▶ _What is expected_
When you reach the line containing "lead back to", stop after it; until then, copy each line of the listing exactly, starting with the first.

»»

(* Let $n\ge 6$ be even and let $P(n)$ be the number of Latin rows $(s_1,\dots,s_n)$ of length $n$ with $s_1=1$ and inner distance $\frac n2-1$ (equivalently, Hamiltonian paths starting at vertex $1$ in the maximum distance graph). Then $P(n)=\frac14n^2+2$ if $n\equiv 0\pmod 4$, and $P(n)=\frac14 n^2+1$ if $n\equiv 2\pmod 4$.
   Context: For $a,b\in[1,n]$, $\mathrm{dist}(a,b)$ is the minimum of the residues of $a-b$ and $b-a$ modulo $n$ (in $[0,n-1]$). A Latin row of length $n$ is a permutation $(s_1,\dots,s_n)$ of $[1,n]$; its inner distance is $\min_{1\le j\le n-1}\mathrm{dist}(s_j,s_{j+1})$. The maximum distance graph has vertex set $[1,n]$ and an edge between $x\ne y$ whenever $\mathrm{dist}(x,y)\ge\lfloor\frac{n-1}2\rfloor$. *)

theory Defs
  imports Main
begin

definition cdist :: "nat \<Rightarrow> nat \<Rightarrow> nat \<Rightarrow> nat" where
  "cdist n a b = nat (min ((int a - int b) mod int n) ((int b - int a) mod int n))"

definition latin_row :: "nat \<Rightarrow> nat list \<Rightarrow> bool" where
  "latin_row n s \<longleftrightarrow> length s = n \<and> distinct s \<and> set s = {1..n}"

definition inner_distance :: "nat \<Rightarrow> nat list \<Rightarrow> nat" where
  "inner_distance n s = Min {cdist n (s ! j) (s ! (j+1)) | j. j + 1 < length s}"

definition P :: "nat \<Rightarrow> nat" where
  "P n = card {s. latin_row n s \<and> s ! 0 = 1 \<and> inner_distance n s = n div 2 - 1}"

end

theory Submission
  imports Defs
begin

(*
  For n = 2h every circular distance is at most h, and two consecutive steps of length h
  lead back to the starting point. So a Latin row has inner distance h - 1 exactly when all
  its steps have length h - 1 or h, i.e. when it is a Hamiltonian path of the maximum
  distance graph. Putting x and x + h into one column and letting the row alternate along
  each half of [1, n] turns this graph into a ladder with h rungs whose two closing edges
  cross over iff h is even: a prism for odd h, a Moebius ladder for even h.

  Hamiltonian paths from a corner of the ladder are counted by following their first moves.
  Taking the rung first leaves a strip of h - 1 columns, entered at one of its two ends, with
  h - 1 Hamiltonian paths from either corner. Running along the lower rail up to column b and
  taking the rung there leaves max (h - 1 - b) 1 completions plus one more, which must leave
  the last column across a closing edge and therefore exists only for the right parity of
  h - b. The third first move is the mirror image of the second. Altogether a corner has
  h^2 + 1 + [h even] Hamiltonian paths.
*)

section \<open>Counting Hamiltonian paths\<close>

lemma successively_conv_nth:
  "successively R xs \<longleftrightarrow> (\<forall>i. Suc i < length xs \<longrightarrow> R (xs ! i) (xs ! Suc i))"
  by (induction R xs rule: successively.induct) (auto simp: nth_Cons split: nat.splits)

(* v # ws is a Hamiltonian path of E on insert v U; the start v is not listed. *)
definition ham_paths :: "('a \<Rightarrow> 'a \<Rightarrow> bool) \<Rightarrow> 'a \<Rightarrow> 'a set \<Rightarrow> 'a list set" where
  "ham_paths E v U = {ws. distinct ws \<and> set ws = U \<and> successively E (v # ws)}"

definition ham_count :: "('a \<Rightarrow> 'a \<Rightarrow> bool) \<Rightarrow> 'a \<Rightarrow> 'a set \<Rightarrow> nat" where
  "ham_count E v U = card (ham_paths E v U)"

lemma Cons_ham_paths:
  assumes "v \<in> V"
  shows "Cons v ` ham_paths E v (V - {v}) = {s. distinct s \<and> set s = V \<and> s ! 0 = v \<and> successively E s}"
proof (intro equalityI subsetI)
  fix s assume "s \<in> Cons v ` ham_paths E v (V - {v})"
  then obtain ws where s: "s = v # ws" "distinct ws" "set ws = V - {v}" "successively E (v # ws)"
    by (auto simp: ham_paths_def)
  then have "set s = V"
    using assms by auto
  with s show "s \<in> {s. distinct s \<and> set s = V \<and> s ! 0 = v \<and> successively E s}"
    by simp
next
  fix s assume s: "s \<in> {s. distinct s \<and> set s = V \<and> s ! 0 = v \<and> successively E s}"
  then obtain ws where ws: "s = v # ws"
    using assms by (cases s) auto
  with s have "set ws = V - {v}"
    by auto
  with s ws have "ws \<in> ham_paths E v (V - {v})"
    by (simp add: ham_paths_def)
  with ws show "s \<in> Cons v ` ham_paths E v (V - {v})"
    by blast
qed

lemma finite_ham_paths:
  assumes "finite U"
  shows "finite (ham_paths E v U)"
proof (rule finite_subset)
  show "ham_paths E v U \<subseteq> {ws. set ws \<subseteq> U \<and> length ws = card U}"
    by (auto simp: ham_paths_def distinct_card)
  show "finite {ws. set ws \<subseteq> U \<and> length ws = card U}"
    using finite_lists_length_eq[OF assms] by blast
qed

lemma ham_count_empty [simp]: "ham_count E v {} = 1"
proof -
  have "ham_paths E v {} = {[]}"
    by (auto simp: ham_paths_def)
  then show ?thesis
    by (simp add: ham_count_def)
qed

lemma ham_paths_nonempty:
  assumes "U \<noteq> {}"
  shows "ham_paths E v U = (\<Union>w\<in>{w\<in>U. E v w}. Cons w ` ham_paths E w (U - {w}))"
proof (intro equalityI subsetI)
  fix ws assume ws: "ws \<in> ham_paths E v U"
  then obtain w ws' where ws_eq: "ws = w # ws'"
    using assms by (cases ws) (auto simp: ham_paths_def)
  with ws have "w \<in> {w\<in>U. E v w}" "ws' \<in> ham_paths E w (U - {w})"
    by (auto simp: ham_paths_def)
  with ws_eq show "ws \<in> (\<Union>w\<in>{w\<in>U. E v w}. Cons w ` ham_paths E w (U - {w}))"
    by blast
next
  fix ws assume "ws \<in> (\<Union>w\<in>{w\<in>U. E v w}. Cons w ` ham_paths E w (U - {w}))"
  then obtain w ws' where "w \<in> U" "E v w" "ws' \<in> ham_paths E w (U - {w})" "ws = w # ws'"
    by blast
  then show "ws \<in> ham_paths E v U"
    by (auto simp: ham_paths_def)
qed

lemma ham_count_nonempty:
  assumes "finite U" "U \<noteq> {}"
  shows "ham_count E v U = (\<Sum>w\<in>{w\<in>U. E v w}. ham_count E w (U - {w}))"
proof -
  have "ham_count E v U = card (\<Union>w\<in>{w\<in>U. E v w}. Cons w ` ham_paths E w (U - {w}))"
    unfolding ham_count_def ham_paths_nonempty[OF assms(2)] ..
  also have "\<dots> = (\<Sum>w\<in>{w\<in>U. E v w}. card (Cons w ` ham_paths E w (U - {w})))"
    by (rule card_UN_disjoint) (use assms(1) in \<open>auto intro!: finite_ham_paths\<close>)
  also have "\<dots> = (\<Sum>w\<in>{w\<in>U. E v w}. ham_count E w (U - {w}))"
    unfolding ham_count_def by (intro sum.cong refl card_image) (auto intro: inj_onI)
  finally show ?thesis .
qed

lemma successively_within_one_side:
  assumes "successively E xs" "set xs \<subseteq> A \<union> B"
    and "\<And>a b. a \<in> A \<Longrightarrow> b \<in> B \<Longrightarrow> \<not> E a b \<and> \<not> E b a"
  shows "set xs \<subseteq> A \<or> set xs \<subseteq> B"
  using assms(1,2)
proof (induction xs)
  case (Cons x xs)
  then show ?case
    using assms(3) by (cases xs) (auto simp: successively_Cons)
qed simp

lemma ham_count_eq_0_if_disconnected:
  assumes "U = A \<union> B" "A \<inter> B = {}" "A \<noteq> {}" "B \<noteq> {}"
    and "\<And>a b. a \<in> A \<Longrightarrow> b \<in> B \<Longrightarrow> \<not> E a b \<and> \<not> E b a"
  shows "ham_count E v U = 0"
proof -
  have "ham_paths E v U = {}"
  proof (rule ccontr)
    assume "ham_paths E v U \<noteq> {}"
    then obtain ws where "set ws = A \<union> B" "successively E (v # ws)"
      using assms(1) by (auto simp: ham_paths_def)
    then have "set ws \<subseteq> A \<or> set ws \<subseteq> B"
      by (intro successively_within_one_side[OF _ _ assms(5)]) (auto simp: successively_Cons)
    with \<open>set ws = A \<union> B\<close> show False
      using assms(2-4) by blast
  qed
  then show ?thesis
    by (simp add: ham_count_def)
qed

lemma ham_count_eq_0_if_unreachable:
  assumes "x \<in> U" "\<And>z. z \<in> insert v U \<Longrightarrow> \<not> E z x"
  shows "ham_count E v U = 0"
proof -
  have "ham_paths E v U = {}"
  proof (rule ccontr)
    assume "ham_paths E v U \<noteq> {}"
    then obtain ws where ws: "set ws = U" "successively E (v # ws)"
      by (auto simp: ham_paths_def)
    then obtain i where i: "Suc i < length (v # ws)" "(v # ws) ! Suc i = x"
      using assms(1) by (auto simp: in_set_conv_nth)
    then have "(v # ws) ! i \<in> insert v U"
      using ws(1) by (cases i) auto
    with i ws(2) assms(2) show False
      by (auto simp: successively_conv_nth)
  qed
  then show ?thesis
    by (simp add: ham_count_def)
qed

lemma ham_count_eq_0_if_two_leaves:
  assumes "symp E" "v \<notin> U" "x \<in> U" "y \<in> U" "x \<noteq> y"
    and "\<And>p. p \<in> insert v U \<Longrightarrow> E x p \<Longrightarrow> p = x'"
    and "\<And>p. p \<in> insert v U \<Longrightarrow> E y p \<Longrightarrow> p = y'"
  shows "ham_count E v U = 0"
proof -
  have "ham_paths E v U = {}"
  proof (rule ccontr)
    assume "ham_paths E v U \<noteq> {}"
    then obtain ws where ws: "distinct (v # ws)" "set ws = U" "successively E (v # ws)"
      using assms(2) by (auto simp: ham_paths_def)
    let ?s = "v # ws"
    obtain i j where ij: "Suc i < length ?s" "?s ! Suc i = x" "Suc j < length ?s" "?s ! Suc j = y"
      using assms(3,4) ws(2) by (auto simp: in_set_conv_nth)
    have "i \<noteq> j"
      using ij assms(5) by auto
    \<comment> \<open>the earlier of x and y is not the last vertex, so it has two neighbours on the path\<close>
    define k where "k = min i j"
    have k: "Suc (Suc k) < length ?s" "?s ! Suc k = x \<or> ?s ! Suc k = y"
      using ij \<open>i \<noteq> j\<close> by (auto simp: k_def min_def)
    have "E (?s ! Suc k) (?s ! k)" "E (?s ! Suc k) (?s ! Suc (Suc k))"
      using ws(3) k(1) assms(1) by (auto simp: successively_conv_nth symp_def)
    moreover have "?s ! k \<in> insert v U" "?s ! Suc (Suc k) \<in> insert v U"
      using k(1) nth_mem[of k ?s] nth_mem[of "Suc (Suc k)" ?s] ws(2) by auto
    moreover have "?s ! k \<noteq> ?s ! Suc (Suc k)"
      using nth_eq_iff_index_eq[OF ws(1), of k "Suc (Suc k)"] k(1) by auto
    ultimately show False
      using k(2) assms(6,7) by metis
  qed
  then show ?thesis
    by (simp add: ham_count_def)
qed

lemma map_ham_paths_subset:
  assumes "inj_on f (insert v U)"
    and "\<And>a b. a \<in> insert v U \<Longrightarrow> b \<in> insert v U \<Longrightarrow> E' (f a) (f b) \<longleftrightarrow> E a b"
  shows "map f ` ham_paths E v U \<subseteq> ham_paths E' (f v) (f ` U)"
proof
  fix xs assume "xs \<in> map f ` ham_paths E v U"
  then obtain ws where ws: "xs = map f ws" "distinct ws" "set ws = U" "successively E (v # ws)"
    by (auto simp: ham_paths_def)
  have "inj_on f (set ws)"
    using inj_on_subset[OF assms(1)] ws(3) by blast
  moreover have "successively E' (f v # map f ws)"
    using ws(3,4) by (simp only: list.map(2)[symmetric] successively_map)
      (rule successively_cong[THEN iffD2]; use assms(2) in auto)
  ultimately show "xs \<in> ham_paths E' (f v) (f ` U)"
    using ws by (simp add: ham_paths_def distinct_map)
qed

lemma ham_count_iso:
  assumes "inj_on f (insert v U)"
    and "\<And>a b. a \<in> insert v U \<Longrightarrow> b \<in> insert v U \<Longrightarrow> E' (f a) (f b) \<longleftrightarrow> E a b"
  shows "ham_count E v U = ham_count E' (f v) (f ` U)"
proof -
  define g where "g = the_inv_into (insert v U) f"
  have gf: "g (f a) = a" if "a \<in> insert v U" for a
    using assms(1) that by (simp add: g_def the_inv_into_f_f)
  have fg: "f (g b) = b" if "b \<in> f ` insert v U" for b
    using assms(1) that by (simp add: g_def f_the_inv_into_f)
  have "map g ` ham_paths E' (f v) (f ` U) \<subseteq> ham_paths E (g (f v)) (g ` f ` U)"
  proof (rule map_ham_paths_subset)
    show "inj_on g (insert (f v) (f ` U))"
      using inj_on_the_inv_into[OF assms(1)] by (simp add: g_def)
    show "E (g a) (g b) \<longleftrightarrow> E' a b"
      if ab: "a \<in> insert (f v) (f ` U)" "b \<in> insert (f v) (f ` U)" for a b
    proof -
      obtain a' b' where "a = f a'" "b = f b'" "a' \<in> insert v U" "b' \<in> insert v U"
        using ab by blast
      then show ?thesis
        using assms(2) gf by simp
    qed
  qed
  moreover have "ham_paths E (g (f v)) (g ` f ` U) = ham_paths E v U"
    using gf by (simp add: image_image)
  ultimately have "map g xs \<in> ham_paths E v U" if "xs \<in> ham_paths E' (f v) (f ` U)" for xs
    using that by blast
  moreover have "map f (map g xs) = xs" if "xs \<in> ham_paths E' (f v) (f ` U)" for xs
    using that fg by (auto simp: ham_paths_def intro!: map_idI)
  ultimately have "ham_paths E' (f v) (f ` U) \<subseteq> map f ` ham_paths E v U"
    by (metis image_eqI subsetI)
  then have "map f ` ham_paths E v U = ham_paths E' (f v) (f ` U)"
    using map_ham_paths_subset[of f v U E' E, OF assms] by blast
  moreover have "inj_on (map f) (ham_paths E v U)"
  proof (rule inj_onI)
    fix xs ys assume "xs \<in> ham_paths E v U" "ys \<in> ham_paths E v U" "map f xs = map f ys"
    moreover from this have "inj_on f (set xs \<union> set ys)"
      using inj_on_subset[OF assms(1)] by (auto simp: ham_paths_def)
    ultimately show "xs = ys"
      by (simp add: inj_on_map_eq_map)
  qed
  ultimately show ?thesis
    unfolding ham_count_def by (metis card_image)
qed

««

▶ _Exercise result_
(* Let $n\ge 6$ be even and let $P(n)$ be the number of Latin rows $(s_1,\dots,s_n)$ of length $n$ with $s_1=1$ and inner distance $\frac n2-1$ (equivalently, Hamiltonian paths starting at vertex $1$ in the maximum distance graph). Then $P(n)=\frac14n^2+2$ if $n\equiv 0\pmod 4$, and $P(n)=\frac14 n^2+1$ if $n\equiv 2\pmod 4$.
   Context: For $a,b\in[1,n]$, $\mathrm{dist}(a,b)$ is the minimum of the residues of $a-b$ and $b-a$ modulo $n$ (in $[0,n-1]$). A Latin row of length $n$ is a permutation $(s_1,\dots,s_n)$ of $[1,n]$; its inner distance is $\min_{1\le j\le n-1}\mathrm{dist}(s_j,s_{j+1})$. The maximum distance graph has vertex set $[1,n]$ and an edge between $x\ne y$ whenever $\mathrm{dist}(x,y)\ge\lfloor\frac{n-1}2\rfloor$. *)

theory Defs
  imports Main
begin

definition cdist :: "nat \<Rightarrow> nat \<Rightarrow> nat \<Rightarrow> nat" where
  "cdist n a b = nat (min ((int a - int b) mod int n) ((int b - int a) mod int n))"

definition latin_row :: "nat \<Rightarrow> nat list \<Rightarrow> bool" where
  "latin_row n s \<longleftrightarrow> length s = n \<and> distinct s \<and> set s = {1..n}"

definition inner_distance :: "nat \<Rightarrow> nat list \<Rightarrow> nat" where
  "inner_distance n s = Min {cdist n (s ! j) (s ! (j+1)) | j. j + 1 < length s}"

definition P :: "nat \<Rightarrow> nat" where
  "P n = card {s. latin_row n s \<and> s ! 0 = 1 \<and> inner_distance n s = n div 2 - 1}"

end

theory Submission
  imports Defs
begin

(*
  For n = 2h every circular distance is at most h, and two consecutive steps of length h
  lead back to the starting point. So a Latin row has inner distance h - 1 exactly when all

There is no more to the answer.